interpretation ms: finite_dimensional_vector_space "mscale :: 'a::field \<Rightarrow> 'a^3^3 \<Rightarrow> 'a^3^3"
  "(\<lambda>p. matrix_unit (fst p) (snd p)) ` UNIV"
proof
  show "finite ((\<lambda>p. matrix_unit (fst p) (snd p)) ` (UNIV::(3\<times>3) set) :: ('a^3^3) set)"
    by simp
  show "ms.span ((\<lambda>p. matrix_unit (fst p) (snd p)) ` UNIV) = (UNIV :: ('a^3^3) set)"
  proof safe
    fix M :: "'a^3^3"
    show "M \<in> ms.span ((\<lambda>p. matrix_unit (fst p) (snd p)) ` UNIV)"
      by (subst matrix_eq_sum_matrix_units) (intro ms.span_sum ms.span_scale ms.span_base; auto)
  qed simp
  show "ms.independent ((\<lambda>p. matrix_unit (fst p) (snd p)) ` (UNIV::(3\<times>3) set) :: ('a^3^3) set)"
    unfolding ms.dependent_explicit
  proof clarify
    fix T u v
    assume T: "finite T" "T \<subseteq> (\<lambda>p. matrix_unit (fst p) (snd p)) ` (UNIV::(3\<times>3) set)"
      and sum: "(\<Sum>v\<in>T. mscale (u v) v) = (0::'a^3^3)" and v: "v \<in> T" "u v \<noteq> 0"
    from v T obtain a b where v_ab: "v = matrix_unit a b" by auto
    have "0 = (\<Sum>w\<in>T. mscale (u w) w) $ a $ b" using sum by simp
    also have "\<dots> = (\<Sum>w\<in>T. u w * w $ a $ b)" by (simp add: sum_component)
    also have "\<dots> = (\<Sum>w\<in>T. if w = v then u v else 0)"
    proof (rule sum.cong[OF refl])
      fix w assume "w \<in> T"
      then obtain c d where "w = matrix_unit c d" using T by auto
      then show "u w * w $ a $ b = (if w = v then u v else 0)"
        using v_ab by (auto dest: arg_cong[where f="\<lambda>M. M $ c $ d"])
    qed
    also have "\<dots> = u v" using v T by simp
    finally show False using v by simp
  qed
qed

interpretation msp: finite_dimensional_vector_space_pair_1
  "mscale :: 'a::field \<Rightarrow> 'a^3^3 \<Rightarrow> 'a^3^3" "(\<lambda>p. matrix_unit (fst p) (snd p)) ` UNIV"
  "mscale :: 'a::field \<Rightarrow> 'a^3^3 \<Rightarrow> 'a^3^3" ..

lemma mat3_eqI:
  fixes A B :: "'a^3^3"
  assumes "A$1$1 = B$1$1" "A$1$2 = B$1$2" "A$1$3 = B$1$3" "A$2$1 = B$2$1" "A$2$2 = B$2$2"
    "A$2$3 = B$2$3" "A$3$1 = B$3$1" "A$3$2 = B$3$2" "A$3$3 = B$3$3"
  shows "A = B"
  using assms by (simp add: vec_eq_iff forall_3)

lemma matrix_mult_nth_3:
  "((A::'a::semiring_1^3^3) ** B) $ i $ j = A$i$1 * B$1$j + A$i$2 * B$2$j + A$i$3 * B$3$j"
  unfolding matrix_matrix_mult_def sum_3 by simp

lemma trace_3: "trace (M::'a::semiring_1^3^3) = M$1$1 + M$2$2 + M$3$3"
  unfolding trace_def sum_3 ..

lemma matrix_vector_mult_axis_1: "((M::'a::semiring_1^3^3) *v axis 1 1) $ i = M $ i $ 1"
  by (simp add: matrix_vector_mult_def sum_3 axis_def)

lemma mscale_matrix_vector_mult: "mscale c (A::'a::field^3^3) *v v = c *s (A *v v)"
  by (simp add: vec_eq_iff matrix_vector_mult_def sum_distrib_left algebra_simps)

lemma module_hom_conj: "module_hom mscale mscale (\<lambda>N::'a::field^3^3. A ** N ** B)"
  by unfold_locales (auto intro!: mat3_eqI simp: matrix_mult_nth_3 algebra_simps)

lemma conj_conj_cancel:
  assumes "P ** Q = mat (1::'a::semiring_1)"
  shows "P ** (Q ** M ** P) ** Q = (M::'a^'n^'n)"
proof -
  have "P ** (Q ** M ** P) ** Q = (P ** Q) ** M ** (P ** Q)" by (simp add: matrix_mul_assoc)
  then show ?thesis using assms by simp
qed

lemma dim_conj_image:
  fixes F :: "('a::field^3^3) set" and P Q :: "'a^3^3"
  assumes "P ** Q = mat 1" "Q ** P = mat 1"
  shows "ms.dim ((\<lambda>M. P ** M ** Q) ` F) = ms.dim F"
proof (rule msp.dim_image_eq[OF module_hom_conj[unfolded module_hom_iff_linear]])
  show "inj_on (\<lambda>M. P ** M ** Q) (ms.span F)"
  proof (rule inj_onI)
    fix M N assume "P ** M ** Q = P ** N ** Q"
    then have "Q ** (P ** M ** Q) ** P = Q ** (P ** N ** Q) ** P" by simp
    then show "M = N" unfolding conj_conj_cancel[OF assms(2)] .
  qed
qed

*What you will do*.
Look back over the material above and state how many lines hold the word "assms". Write the number and nothing else.

*Your solution*.
3